**HOW TO COMPLETE THIS TASK:** Go through the data and retrieve each line that includes the string "prod".

* * * * * * * * *

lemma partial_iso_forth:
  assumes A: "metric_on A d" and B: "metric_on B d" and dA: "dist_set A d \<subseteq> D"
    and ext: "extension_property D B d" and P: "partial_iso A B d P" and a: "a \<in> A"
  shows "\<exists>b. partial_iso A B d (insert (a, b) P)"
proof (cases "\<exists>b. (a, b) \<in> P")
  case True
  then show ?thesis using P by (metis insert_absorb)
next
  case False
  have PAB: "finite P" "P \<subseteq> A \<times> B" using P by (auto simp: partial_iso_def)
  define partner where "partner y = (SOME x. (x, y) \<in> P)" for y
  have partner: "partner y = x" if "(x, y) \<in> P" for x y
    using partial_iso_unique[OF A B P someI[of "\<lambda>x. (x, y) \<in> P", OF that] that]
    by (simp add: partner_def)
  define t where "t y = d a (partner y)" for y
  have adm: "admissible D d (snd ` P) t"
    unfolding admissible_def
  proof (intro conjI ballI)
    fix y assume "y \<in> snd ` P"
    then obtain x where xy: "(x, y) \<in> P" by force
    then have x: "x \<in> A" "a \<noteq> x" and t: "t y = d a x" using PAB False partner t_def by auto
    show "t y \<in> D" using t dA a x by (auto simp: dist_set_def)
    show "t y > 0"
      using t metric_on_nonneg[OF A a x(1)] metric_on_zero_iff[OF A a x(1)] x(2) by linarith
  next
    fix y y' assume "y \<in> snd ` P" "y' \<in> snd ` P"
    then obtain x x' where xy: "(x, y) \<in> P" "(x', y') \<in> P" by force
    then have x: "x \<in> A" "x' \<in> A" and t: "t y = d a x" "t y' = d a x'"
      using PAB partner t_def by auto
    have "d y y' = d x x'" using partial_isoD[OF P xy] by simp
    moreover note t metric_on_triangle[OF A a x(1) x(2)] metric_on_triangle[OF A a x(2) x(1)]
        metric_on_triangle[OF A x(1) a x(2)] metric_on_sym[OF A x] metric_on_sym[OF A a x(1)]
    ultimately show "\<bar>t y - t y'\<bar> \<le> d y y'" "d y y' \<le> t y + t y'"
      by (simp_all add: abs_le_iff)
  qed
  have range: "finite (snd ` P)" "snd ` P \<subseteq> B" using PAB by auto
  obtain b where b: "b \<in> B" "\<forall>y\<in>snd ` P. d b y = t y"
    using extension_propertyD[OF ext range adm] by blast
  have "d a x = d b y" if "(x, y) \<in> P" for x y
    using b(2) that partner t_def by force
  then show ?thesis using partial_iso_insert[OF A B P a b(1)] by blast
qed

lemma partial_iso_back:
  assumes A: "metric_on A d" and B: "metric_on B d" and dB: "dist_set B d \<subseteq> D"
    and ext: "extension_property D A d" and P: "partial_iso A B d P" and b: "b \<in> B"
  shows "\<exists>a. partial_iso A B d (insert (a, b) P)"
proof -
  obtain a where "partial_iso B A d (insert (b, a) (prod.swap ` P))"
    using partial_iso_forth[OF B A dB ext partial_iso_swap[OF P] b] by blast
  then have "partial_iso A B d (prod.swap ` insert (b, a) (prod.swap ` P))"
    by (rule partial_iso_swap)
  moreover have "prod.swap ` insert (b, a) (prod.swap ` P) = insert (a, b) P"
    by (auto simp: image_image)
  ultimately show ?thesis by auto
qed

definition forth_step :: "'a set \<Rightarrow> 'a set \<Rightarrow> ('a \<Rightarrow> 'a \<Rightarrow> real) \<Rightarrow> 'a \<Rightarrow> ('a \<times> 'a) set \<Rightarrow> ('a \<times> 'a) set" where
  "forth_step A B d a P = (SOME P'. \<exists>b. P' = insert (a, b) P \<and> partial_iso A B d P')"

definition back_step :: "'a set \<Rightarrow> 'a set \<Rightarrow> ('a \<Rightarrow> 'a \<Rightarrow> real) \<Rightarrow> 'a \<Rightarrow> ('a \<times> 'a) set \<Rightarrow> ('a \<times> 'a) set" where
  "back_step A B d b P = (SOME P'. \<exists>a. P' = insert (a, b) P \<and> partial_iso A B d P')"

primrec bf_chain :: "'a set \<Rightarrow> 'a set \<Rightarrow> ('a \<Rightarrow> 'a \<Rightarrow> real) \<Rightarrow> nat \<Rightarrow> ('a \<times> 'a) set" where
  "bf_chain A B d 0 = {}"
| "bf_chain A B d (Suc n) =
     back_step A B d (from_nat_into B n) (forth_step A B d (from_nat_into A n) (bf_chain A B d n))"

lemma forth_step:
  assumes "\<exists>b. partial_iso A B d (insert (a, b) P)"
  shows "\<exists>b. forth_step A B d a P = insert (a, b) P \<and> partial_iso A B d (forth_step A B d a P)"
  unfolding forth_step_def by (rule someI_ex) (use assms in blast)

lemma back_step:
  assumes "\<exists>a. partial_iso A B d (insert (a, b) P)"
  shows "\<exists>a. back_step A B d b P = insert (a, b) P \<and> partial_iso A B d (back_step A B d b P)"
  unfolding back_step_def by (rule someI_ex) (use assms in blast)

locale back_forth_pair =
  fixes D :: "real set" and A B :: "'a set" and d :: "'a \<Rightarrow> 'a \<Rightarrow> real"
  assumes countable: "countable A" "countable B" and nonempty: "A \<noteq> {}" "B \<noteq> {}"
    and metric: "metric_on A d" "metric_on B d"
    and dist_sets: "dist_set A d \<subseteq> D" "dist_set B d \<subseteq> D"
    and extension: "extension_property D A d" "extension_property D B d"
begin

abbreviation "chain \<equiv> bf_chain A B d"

* * * * * * * * *

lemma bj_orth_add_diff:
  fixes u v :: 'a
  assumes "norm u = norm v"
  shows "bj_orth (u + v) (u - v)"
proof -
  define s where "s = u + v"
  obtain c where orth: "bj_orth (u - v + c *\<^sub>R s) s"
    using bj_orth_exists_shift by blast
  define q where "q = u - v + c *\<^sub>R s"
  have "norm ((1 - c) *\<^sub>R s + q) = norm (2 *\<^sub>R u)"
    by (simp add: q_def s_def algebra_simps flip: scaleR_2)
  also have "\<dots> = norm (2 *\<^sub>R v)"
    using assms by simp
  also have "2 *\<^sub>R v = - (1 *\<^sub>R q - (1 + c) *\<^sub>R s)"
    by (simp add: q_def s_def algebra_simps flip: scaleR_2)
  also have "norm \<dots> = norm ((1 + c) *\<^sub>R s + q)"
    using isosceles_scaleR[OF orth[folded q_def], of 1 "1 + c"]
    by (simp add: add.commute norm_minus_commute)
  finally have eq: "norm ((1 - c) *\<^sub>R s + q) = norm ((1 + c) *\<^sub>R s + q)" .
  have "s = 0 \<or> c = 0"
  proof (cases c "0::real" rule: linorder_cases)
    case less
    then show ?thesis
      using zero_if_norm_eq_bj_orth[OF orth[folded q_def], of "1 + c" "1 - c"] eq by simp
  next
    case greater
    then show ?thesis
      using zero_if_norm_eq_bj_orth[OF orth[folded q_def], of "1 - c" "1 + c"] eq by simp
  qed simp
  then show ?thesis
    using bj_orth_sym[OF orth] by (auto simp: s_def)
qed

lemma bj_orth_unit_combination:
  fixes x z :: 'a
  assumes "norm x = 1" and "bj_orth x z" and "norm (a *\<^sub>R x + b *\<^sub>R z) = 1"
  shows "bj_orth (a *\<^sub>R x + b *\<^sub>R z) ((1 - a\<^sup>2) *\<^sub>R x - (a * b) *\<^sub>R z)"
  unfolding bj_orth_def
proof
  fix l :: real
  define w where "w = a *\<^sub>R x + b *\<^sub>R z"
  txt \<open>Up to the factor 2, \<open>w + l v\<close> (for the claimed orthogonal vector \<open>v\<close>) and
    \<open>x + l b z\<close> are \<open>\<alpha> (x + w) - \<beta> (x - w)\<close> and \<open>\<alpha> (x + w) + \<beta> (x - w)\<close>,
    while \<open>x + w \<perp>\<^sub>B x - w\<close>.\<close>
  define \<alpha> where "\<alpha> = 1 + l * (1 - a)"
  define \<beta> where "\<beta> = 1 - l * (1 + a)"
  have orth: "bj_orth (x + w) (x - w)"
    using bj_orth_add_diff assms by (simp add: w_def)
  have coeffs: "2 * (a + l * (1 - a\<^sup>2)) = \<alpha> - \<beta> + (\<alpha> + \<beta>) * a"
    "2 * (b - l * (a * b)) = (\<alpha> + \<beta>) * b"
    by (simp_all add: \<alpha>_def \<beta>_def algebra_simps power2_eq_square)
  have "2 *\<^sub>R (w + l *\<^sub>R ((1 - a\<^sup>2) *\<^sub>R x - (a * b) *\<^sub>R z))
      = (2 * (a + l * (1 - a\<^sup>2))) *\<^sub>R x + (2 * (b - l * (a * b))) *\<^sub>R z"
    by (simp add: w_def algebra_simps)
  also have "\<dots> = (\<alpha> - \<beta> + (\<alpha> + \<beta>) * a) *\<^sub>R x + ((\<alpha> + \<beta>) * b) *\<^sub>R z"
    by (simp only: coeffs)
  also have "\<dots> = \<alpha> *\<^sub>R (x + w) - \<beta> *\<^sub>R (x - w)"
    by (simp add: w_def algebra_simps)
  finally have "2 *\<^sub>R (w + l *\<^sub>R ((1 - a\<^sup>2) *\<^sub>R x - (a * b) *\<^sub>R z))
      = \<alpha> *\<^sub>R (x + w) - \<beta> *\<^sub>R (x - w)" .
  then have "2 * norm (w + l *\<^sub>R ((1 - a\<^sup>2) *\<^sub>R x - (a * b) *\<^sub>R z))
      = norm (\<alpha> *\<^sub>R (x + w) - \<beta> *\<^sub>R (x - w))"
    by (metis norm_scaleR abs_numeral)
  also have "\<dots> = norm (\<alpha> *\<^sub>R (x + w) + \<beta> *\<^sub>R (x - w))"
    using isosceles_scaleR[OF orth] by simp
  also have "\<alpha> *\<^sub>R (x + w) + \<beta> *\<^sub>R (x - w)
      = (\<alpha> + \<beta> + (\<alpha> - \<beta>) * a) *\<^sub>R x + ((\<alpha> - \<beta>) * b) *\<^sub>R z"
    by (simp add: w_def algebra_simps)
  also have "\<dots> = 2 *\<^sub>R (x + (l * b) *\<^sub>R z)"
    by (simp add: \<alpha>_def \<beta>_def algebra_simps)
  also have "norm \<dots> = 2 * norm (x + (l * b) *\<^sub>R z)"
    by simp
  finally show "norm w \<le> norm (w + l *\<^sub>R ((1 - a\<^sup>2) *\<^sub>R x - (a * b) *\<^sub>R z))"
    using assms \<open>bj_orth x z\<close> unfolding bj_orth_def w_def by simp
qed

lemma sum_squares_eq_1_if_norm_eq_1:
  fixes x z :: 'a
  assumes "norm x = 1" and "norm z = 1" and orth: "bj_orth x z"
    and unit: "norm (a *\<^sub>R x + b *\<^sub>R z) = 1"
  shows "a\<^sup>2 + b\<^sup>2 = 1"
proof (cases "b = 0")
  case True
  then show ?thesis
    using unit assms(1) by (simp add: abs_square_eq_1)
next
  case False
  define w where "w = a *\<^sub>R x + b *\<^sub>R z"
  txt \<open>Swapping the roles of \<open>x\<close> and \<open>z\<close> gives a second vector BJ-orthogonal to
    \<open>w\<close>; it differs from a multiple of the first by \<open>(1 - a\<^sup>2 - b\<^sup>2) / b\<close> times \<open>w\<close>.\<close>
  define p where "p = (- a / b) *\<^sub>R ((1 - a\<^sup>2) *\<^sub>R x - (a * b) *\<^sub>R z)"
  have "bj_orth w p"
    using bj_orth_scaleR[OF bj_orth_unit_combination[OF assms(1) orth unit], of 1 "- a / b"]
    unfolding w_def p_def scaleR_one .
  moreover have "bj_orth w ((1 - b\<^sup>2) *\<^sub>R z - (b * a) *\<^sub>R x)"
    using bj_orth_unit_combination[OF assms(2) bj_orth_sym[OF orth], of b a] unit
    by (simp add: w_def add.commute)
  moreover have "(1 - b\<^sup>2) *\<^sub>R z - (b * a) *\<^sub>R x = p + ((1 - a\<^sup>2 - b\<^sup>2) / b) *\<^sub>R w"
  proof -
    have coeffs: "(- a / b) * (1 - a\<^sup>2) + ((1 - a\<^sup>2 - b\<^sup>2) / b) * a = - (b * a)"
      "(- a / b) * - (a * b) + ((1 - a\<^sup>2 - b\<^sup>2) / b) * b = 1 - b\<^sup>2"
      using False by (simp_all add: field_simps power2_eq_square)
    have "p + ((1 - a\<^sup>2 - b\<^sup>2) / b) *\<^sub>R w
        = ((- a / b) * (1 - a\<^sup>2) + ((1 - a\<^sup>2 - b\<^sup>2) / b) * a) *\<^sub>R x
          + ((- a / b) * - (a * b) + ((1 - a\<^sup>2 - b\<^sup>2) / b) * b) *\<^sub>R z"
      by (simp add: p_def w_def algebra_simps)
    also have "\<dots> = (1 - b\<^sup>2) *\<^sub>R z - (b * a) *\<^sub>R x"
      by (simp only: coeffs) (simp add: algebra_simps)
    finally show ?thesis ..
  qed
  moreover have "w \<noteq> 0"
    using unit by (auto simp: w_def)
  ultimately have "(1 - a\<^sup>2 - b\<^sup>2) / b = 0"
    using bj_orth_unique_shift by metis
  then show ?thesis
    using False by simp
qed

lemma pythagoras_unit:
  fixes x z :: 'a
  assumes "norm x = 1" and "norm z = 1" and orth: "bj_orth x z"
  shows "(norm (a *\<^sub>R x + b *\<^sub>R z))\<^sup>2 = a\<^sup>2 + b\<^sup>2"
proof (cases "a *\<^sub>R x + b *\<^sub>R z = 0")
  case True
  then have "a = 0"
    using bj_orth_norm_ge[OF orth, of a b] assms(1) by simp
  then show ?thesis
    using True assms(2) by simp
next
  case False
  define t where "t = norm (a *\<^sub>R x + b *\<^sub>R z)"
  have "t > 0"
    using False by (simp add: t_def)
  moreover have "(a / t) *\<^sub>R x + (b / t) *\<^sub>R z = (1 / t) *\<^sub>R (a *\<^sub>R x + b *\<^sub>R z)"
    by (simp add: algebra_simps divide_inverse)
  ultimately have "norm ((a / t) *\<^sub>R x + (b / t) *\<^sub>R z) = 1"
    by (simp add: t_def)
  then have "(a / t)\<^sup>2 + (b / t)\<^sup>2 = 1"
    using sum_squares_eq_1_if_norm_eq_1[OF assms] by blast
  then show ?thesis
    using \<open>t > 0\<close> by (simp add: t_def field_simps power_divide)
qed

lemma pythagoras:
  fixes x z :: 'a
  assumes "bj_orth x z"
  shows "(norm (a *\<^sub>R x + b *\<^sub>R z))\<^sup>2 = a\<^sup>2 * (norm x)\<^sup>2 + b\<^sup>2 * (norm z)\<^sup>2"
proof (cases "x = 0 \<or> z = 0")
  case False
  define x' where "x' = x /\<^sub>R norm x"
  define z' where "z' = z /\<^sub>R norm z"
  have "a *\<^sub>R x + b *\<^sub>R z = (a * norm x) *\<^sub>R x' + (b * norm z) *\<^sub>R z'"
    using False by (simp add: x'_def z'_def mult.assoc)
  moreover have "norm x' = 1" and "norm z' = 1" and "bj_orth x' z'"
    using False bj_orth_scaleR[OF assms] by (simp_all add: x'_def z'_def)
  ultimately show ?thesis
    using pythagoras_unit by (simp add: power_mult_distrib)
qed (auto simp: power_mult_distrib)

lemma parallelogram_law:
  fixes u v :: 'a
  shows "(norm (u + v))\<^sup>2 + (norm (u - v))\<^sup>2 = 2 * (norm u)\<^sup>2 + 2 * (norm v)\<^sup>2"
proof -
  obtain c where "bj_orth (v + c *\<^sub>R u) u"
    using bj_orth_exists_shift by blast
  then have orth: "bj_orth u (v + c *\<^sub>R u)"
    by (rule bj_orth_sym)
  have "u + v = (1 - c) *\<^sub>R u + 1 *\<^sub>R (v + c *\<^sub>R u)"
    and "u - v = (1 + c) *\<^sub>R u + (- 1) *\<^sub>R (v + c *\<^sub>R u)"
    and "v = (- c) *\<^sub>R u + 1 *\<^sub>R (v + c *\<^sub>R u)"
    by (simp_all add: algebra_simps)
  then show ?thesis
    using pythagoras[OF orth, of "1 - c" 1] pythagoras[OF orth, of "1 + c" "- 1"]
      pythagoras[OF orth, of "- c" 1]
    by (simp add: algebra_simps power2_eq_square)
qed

* * * * * * * * *

**FINISHED TASK:**
  obtain a where "partial_iso B A d (insert (b, a) (prod.swap ` P))"
  then have "partial_iso A B d (prod.swap ` insert (b, a) (prod.swap ` P))"
  moreover have "prod.swap ` insert (b, a) (prod.swap ` P) = insert (a, b) P"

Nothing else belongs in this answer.